Number of rows with created_date > closed_date (will be removed): 21
Final NYC 311 data shape after date cleaning: (71566, 15)


### Geographic Data Cleaning

In [74]:
# Standardize city names: trim whitespace and convert to uppercase
df_nyc_311_selected['city'] = df_nyc_311_selected['city'].str.strip().str.upper()

# Replace known outside NYC locations with 'OUTSIDE NYC'
outside_nyc_locations = ['FLORAL PARK', 'NEW HYDE PARK', 'BREEZY POINT']
df_nyc_311_selected['city'] = df_nyc_311_selected['city'].replace(outside_nyc_locations, 'OUTSIDE NYC')

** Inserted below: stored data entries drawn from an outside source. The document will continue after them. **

(* If $\mathcal C$ is a Baker class, then $\mathcal C^{(d)}$ is a Baker class for every integer $d\ge1$.
   Context: A layering of a graph $G$ is a function $\lambda:V(G)\to\mathbb{Z}$ with $|\lambda(u)-\lambda(v)|\le1$ for every edge $uv$; its width is $\sup_{i\in\mathbb Z}|\lambda^{-1}(i)|$. For $P\subseteq V(G)$, a layering $\lambda$ of $G[P]$ is $G$-geodesic if $d_G(x,y)\ge|\lambda(x)-\lambda(y)|$ for all $x,y\in P$ ($d_G$ the distance in $G$, $\infty$ between different components). An ordered graph is a finite graph with a linear ordering of its vertices; subgraphs inherit the restricted ordering. For an infinite sequence $\mathbf r=r_1,r_2,\dots$ of positive integers and an integer $s\ge0$, let $\mathrm{tail}_s(\mathbf r)=r_{s+1},r_{s+2},\dots$, $\mathrm{tail}(\mathbf r)=\mathrm{tail}_1(\mathbf r)$ and $\mathrm{head}(\mathbf r)=r_1$. The Baker game between Destroyer and Preserver has states $(G,\mathbf r)$ with $G$ an ordered graph and $\mathbf r$ an infinite sequence of positive integers. If $V(G)=\emptyset$ the game stops. Otherwise, in one round Destroyer chooses either Delete (the smallest vertex $v$ of $G$ is removed and the game proceeds to $(G-v,\mathrm{tail}(\mathbf r))$) or Restrict (Destroyer chooses a layering $\lambda$ of $G$, Preserver chooses an interval $I$ of at most $\mathrm{head}(\mathbf r)$ consecutive integers, and the game proceeds to $(G[\lambda^{-1}(I)],\mathrm{tail}(\mathbf r))$). Destroyer wins on $(G,\mathbf r)$ in $t$ rounds if he has a strategy such that, regardless of Preserver's choices, the game stops after at most $t$ rounds. A class $\mathcal C$ of ordered graphs is a Baker class if for every infinite sequence $\mathbf r$ of positive integers there is an integer $t$ such that for every $G\in\mathcal C$, Destroyer wins the Baker game on $(G,\mathbf r)$ in $t$ rounds. A partition $\mathcal P$ of an ordered graph $G$ (ordering $\prec$) is a sequence $P_1,\dots,P_m$ of pairwise disjoint sets with union $V(G)$ such that $u\prec v$ whenever $u\in P_i$, $v\in P_j$, $i<j$. It is width-$d$ geodesic if for each $i\in\{1,\dots,m\}$, $G[P_i]$ has a $G[P_i\cup P_{i+1}\cup\dots\cup P_m]$-geodesic layering of width at most $d$. $G/\mathcal P$ is the ordered graph obtained from $G$ by identifying the vertices of each part into a single vertex and suppressing loops and parallel edges, with vertices ordered as the sequence of parts. $\mathcal C^{(d)}$ is the class of ordered graphs $G$ having a width-$d$ geodesic partition $\mathcal P$ with $G/\mathcal P\in\mathcal C$. *)

theory Defs
  imports "HOL-Library.Extended_Nat"
begin

text \<open>Ordered graphs: finite vertex set of naturals (ordered by the natural order
  on nat) and a set of 2-element edges inside the vertex set.\<close>
type_synonym ograph = "nat set \<times> nat set set"

definition verts :: "ograph \<Rightarrow> nat set" where "verts G = fst G"
definition edges :: "ograph \<Rightarrow> nat set set" where "edges G = snd G"

definition is_ograph :: "ograph \<Rightarrow> bool" where
  "is_ograph G \<longleftrightarrow> finite (verts G) \<and>
     (\<forall>e\<in>edges G. \<exists>u v. u \<noteq> v \<and> e = {u, v} \<and> u \<in> verts G \<and> v \<in> verts G)"

definition induced :: "ograph \<Rightarrow> nat set \<Rightarrow> ograph" where
  "induced G S = (verts G \<inter> S, {e \<in> edges G. e \<subseteq> S})"

definition delete_min :: "ograph \<Rightarrow> ograph" where
  "delete_min G = (verts G - {Min (verts G)}, {e \<in> edges G. Min (verts G) \<notin> e})"

definition is_layering :: "ograph \<Rightarrow> (nat \<Rightarrow> int) \<Rightarrow> bool" where
  "is_layering G L \<longleftrightarrow> (\<forall>u v. {u, v} \<in> edges G \<longrightarrow> \<bar>L u - L v\<bar> \<le> 1)"

definition layering_width_le :: "ograph \<Rightarrow> (nat \<Rightarrow> int) \<Rightarrow> nat \<Rightarrow> bool" where
  "layering_width_le G L d \<longleftrightarrow> (\<forall>i::int. card {v \<in> verts G. L v = i} \<le> d)"

definition adj :: "ograph \<Rightarrow> (nat \<times> nat) set" where
  "adj G = {(u, v). {u, v} \<in> edges G}"

definition gdist :: "ograph \<Rightarrow> nat \<Rightarrow> nat \<Rightarrow> enat" where
  "gdist G x y = (if \<exists>k. (x, y) \<in> (adj G) ^^ k
                  then enat (LEAST k. (x, y) \<in> (adj G) ^^ k) else \<infinity>)"

definition geodesic_layering :: "ograph \<Rightarrow> nat set \<Rightarrow> (nat \<Rightarrow> int) \<Rightarrow> bool" where
  "geodesic_layering H P L \<longleftrightarrow> is_layering (induced H P) L \<and>
     (\<forall>x\<in>P. \<forall>y\<in>P. enat (nat \<bar>L x - L y\<bar>) \<le> gdist H x y)"

definition tail :: "(nat \<Rightarrow> nat) \<Rightarrow> nat \<Rightarrow> nat" where
  "tail r = (\<lambda>i. r (Suc i))"

definition head :: "(nat \<Rightarrow> nat) \<Rightarrow> nat" where
  "head r = r 0"

primrec destroyer_wins :: "nat \<Rightarrow> ograph \<Rightarrow> (nat \<Rightarrow> nat) \<Rightarrow> bool" where
  "destroyer_wins 0 G r \<longleftrightarrow> verts G = {}"
| "destroyer_wins (Suc t) G r \<longleftrightarrow> verts G = {} \<or>
     destroyer_wins t (delete_min G) (tail r) \<or>
     (\<exists>L. is_layering G L \<and>
        (\<forall>a::int. \<forall>k::nat. k \<le> head r \<longrightarrow>
           destroyer_wins t (induced G {v. L v \<in> {a..<a + int k}}) (tail r)))"

definition baker_class :: "ograph set \<Rightarrow> bool" where
  "baker_class C \<longleftrightarrow> (\<forall>r::nat \<Rightarrow> nat. (\<forall>i. 0 < r i) \<longrightarrow>
      (\<exists>t. \<forall>G\<in>C. destroyer_wins t G r))"

definition is_partition :: "ograph \<Rightarrow> nat set list \<Rightarrow> bool" where
  "is_partition G P \<longleftrightarrow> (\<forall>i<length P. P ! i \<noteq> {}) \<and>
     (\<forall>i<length P. \<forall>j<length P. i \<noteq> j \<longrightarrow> P ! i \<inter> P ! j = {}) \<and>
     \<Union> (set P) = verts G \<and>
     (\<forall>i j u v. i < j \<and> j < length P \<and> u \<in> P ! i \<and> v \<in> P ! j \<longrightarrow> u < v)"

definition geodesic_partition :: "nat \<Rightarrow> ograph \<Rightarrow> nat set list \<Rightarrow> bool" where
  "geodesic_partition d G P \<longleftrightarrow> is_partition G P \<and>
     (\<forall>i<length P. \<exists>L.
        geodesic_layering (induced G (\<Union>j\<in>{i..<length P}. P ! j)) (P ! i) L \<and>
        layering_width_le (induced G (P ! i)) L d)"

definition quotient :: "ograph \<Rightarrow> nat set list \<Rightarrow> ograph" where
  "quotient G P = ({0..<length P},
     {{i, j} | i j. i < length P \<and> j < length P \<and> i \<noteq> j \<and>
        (\<exists>u\<in>P ! i. \<exists>v\<in>P ! j. {u, v} \<in> edges G)})"

definition ord_iso :: "ograph \<Rightarrow> ograph \<Rightarrow> bool" where
  "ord_iso G H \<longleftrightarrow> (\<exists>f. bij_betw f (verts G) (verts H) \<and> strict_mono_on (verts G) f \<and>
     (\<forall>u\<in>verts G. \<forall>v\<in>verts G. {u, v} \<in> edges G \<longleftrightarrow> {f u, f v} \<in> edges H))"

text \<open>C^(d); G/P is compared with members of C up to order-isomorphism\<close>
definition geo_closure :: "ograph set \<Rightarrow> nat \<Rightarrow> ograph set" where
  "geo_closure C d = {G. is_ograph G \<and>
     (\<exists>P. geodesic_partition d G P \<and> (\<exists>H\<in>C. ord_iso (quotient G P) H))}"

end

theory Submission
  imports Defs
begin

text \<open>Destroyer plays on \<open>G\<close> by simulating a winning strategy for the quotient \<open>H = G/\<P>\<close>,
  transported along the map \<open>\<phi>\<close> sending each vertex to its part. A restriction in \<open>H\<close> by a
  layering \<open>\<lambda>\<close> is answered by the layering \<open>\<lambda> \<circ> \<phi>\<close> of \<open>G\<close>. A deletion of the first vertex of
  \<open>H\<close> is answered by a layering of \<open>G\<close> extending the width-\<open>d\<close> layering of the first part,
  which exists because that layering is geodesic: whatever window of at most \<open>r\<close> layers
  Preserver keeps contains at most \<open>d r\<close> vertices of that part, and they are the smallest ones,
  so \<open>d r\<close> further deletions remove them. Hence
  Destroyer wins on \<open>C^(d)\<close> against \<open>r\<close> with the bound for \<open>C\<close> against a suitably thinned-out
  sequence.\<close>

section \<open>Ordered graphs\<close>

lemma verts_induced [simp]: "verts (induced G S) = verts G \<inter> S"
  by (simp add: induced_def verts_def)

lemma edges_induced [simp]: "edges (induced G S) = {e \<in> edges G. e \<subseteq> S}"
  by (simp add: induced_def edges_def)

lemma induced_induced: "induced (induced G A) B = induced G (A \<inter> B)"
  unfolding induced_def verts_def edges_def by auto

lemma induced_UNIV: "induced G UNIV = G"
  unfolding induced_def verts_def edges_def by simp

lemma delete_min_eq_induced: "delete_min G = induced G (- {Min (verts G)})"
  unfolding delete_min_def induced_def by auto

lemma is_ograph_edge_subset: "is_ograph G \<Longrightarrow> e \<in> edges G \<Longrightarrow> e \<subseteq> verts G"
  unfolding is_ograph_def by fastforce

lemma is_ograph_edge_verts: "is_ograph G \<Longrightarrow> {u, v} \<in> edges G \<Longrightarrow> u \<in> verts G \<and> v \<in> verts G"
  using is_ograph_edge_subset by blast

lemma is_ograph_finite: "is_ograph G \<Longrightarrow> finite (verts G)"
  unfolding is_ograph_def by blast

lemma is_ograph_induced: "is_ograph G \<Longrightarrow> is_ograph (induced G S)"
  unfolding is_ograph_def by fastforce

lemma induced_cong:
  assumes "is_ograph G" "verts G \<inter> S = verts G \<inter> T"
  shows "induced G S = induced G T"
proof -
  have "{e \<in> edges G. e \<subseteq> S} = {e \<in> edges G. e \<subseteq> T}"
    using is_ograph_edge_subset[OF assms(1)] assms(2) by blast
  then show ?thesis using assms(2) unfolding induced_def by simp
qed

lemma induced_superset: "is_ograph G \<Longrightarrow> verts G \<subseteq> S \<Longrightarrow> induced G S = G"
  using induced_cong[of G S UNIV] by (simp add: Int_absorb2 induced_UNIV)

section \<open>The Baker game\<close>

lemma destroyer_wins_empty: "verts G = {} \<Longrightarrow> destroyer_wins n G r"
  by (cases n) auto

text \<open>Restricting to the single layer of a constant layering is a wasted round.\<close>
lemma destroyer_wins_Suc_skip:
  assumes "destroyer_wins n G (tail r)"
  shows "destroyer_wins (Suc n) G r"
proof -
  have "destroyer_wins n (induced G {v. (0::int) \<in> {a..<a + int k}}) (tail r)" for a k
    by (cases "(0::int) \<in> {a..<a + int k}") (simp_all add: induced_UNIV assms destroyer_wins_empty)
  moreover have "is_layering G (\<lambda>_. 0)" by (simp add: is_layering_def)
  ultimately show ?thesis by fastforce
qed

lemma destroyer_wins_skip:
  "destroyer_wins n G (\<lambda>i. r (i + m)) \<Longrightarrow> destroyer_wins (m + n) G r"
proof (induction m arbitrary: r)
  case (Suc m)
  have "(\<lambda>i. r (i + Suc m)) = (\<lambda>i. tail r (i + m))" by (simp add: tail_def)
  then show ?case using Suc destroyer_wins_Suc_skip by simp
qed simp

lemma destroyer_wins_delete_initial:
  assumes "finite (verts G)" "X \<subseteq> verts G" "\<forall>x\<in>X. \<forall>y\<in>verts G - X. x < y"
    and "destroyer_wins n (induced G (- X)) (\<lambda>i. r (i + card X))"
  shows "destroyer_wins (card X + n) G r"
  using assms
proof (induction "card X" arbitrary: G X r)
  case 0
  then have "X = {}" using finite_subset card_0_eq by metis
  then show ?case using 0 by (simp add: induced_UNIV)
next
  case (Suc c)
  define m where "m = Min (verts G)"
  have X: "finite X" "X \<noteq> {}" using Suc finite_subset by fastforce+
  have "m \<in> X"
  proof (rule ccontr)
    assume "m \<notin> X"
    obtain x where "x \<in> X" using X by blast
    moreover have "verts G \<noteq> {}" using X Suc.prems(2) by blast
    then have "m \<in> verts G" "\<forall>y\<in>verts G. m \<le> y" unfolding m_def using Suc.prems(1) by auto
    ultimately show False using Suc.prems(2,3) \<open>m \<notin> X\<close> by (meson DiffI leD subsetD)
  qed
  define X' where "X' = X - {m}"
  have cX: "card X = Suc (card X')" unfolding X'_def using X \<open>m \<in> X\<close> by (simp add: card_gt_0_iff)
  have dm: "delete_min G = induced G (- {m})" unfolding m_def by (rule delete_min_eq_induced)
  have "destroyer_wins (card X' + n) (delete_min G) (tail r)"
  proof (rule Suc.hyps(1))
    show "c = card X'" using cX Suc.hyps(2) by simp
    show "finite (verts (delete_min G))" "X' \<subseteq> verts (delete_min G)"
      "\<forall>x\<in>X'. \<forall>y\<in>verts (delete_min G) - X'. x < y"
      using Suc.prems dm unfolding X'_def by auto
    have "- {m} \<inter> - X' = - X" unfolding X'_def using \<open>m \<in> X\<close> by auto
    then have "induced (delete_min G) (- X') = induced G (- X)"
      unfolding dm induced_induced by simp
    then show "destroyer_wins n (induced (delete_min G) (- X')) (\<lambda>i. tail r (i + card X'))"
      using Suc.prems(4) cX by (simp add: tail_def)
  qed
  then show ?case using cX by simp
qed

section \<open>Geodesic layerings\<close>

lemma relpow_mono: "(R :: 'a rel) \<subseteq> S \<Longrightarrow> R ^^ k \<subseteq> S ^^ k"
  by (induction k) (simp_all add: relcomp_mono)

print("City names standardized")
print(f"Unique cities after cleaning: {df_nyc_311_selected['city'].nunique()}")

City names standardized
Unique cities after cleaning: 45


## 3. Data Transformation

### Feature Engineering - NYC 311 Data

In [75]:
# Calculate resolution time in hours
df_nyc_311_selected['resolution_time_hours'] = (
    df_nyc_311_selected['closed_date'] - df_nyc_311_selected['created_date']
).dt.total_seconds() / 3600

# Extract month and year from created_date
df_nyc_311_selected['month'] = df_nyc_311_selected['created_date'].dt.month
df_nyc_311_selected['year'] = df_nyc_311_selected['created_date'].dt.year

print("Created new features: resolution_time_hours, month, year")
print(f"Resolution time statistics:")
print(df_nyc_311_selected['resolution_time_hours'].describe())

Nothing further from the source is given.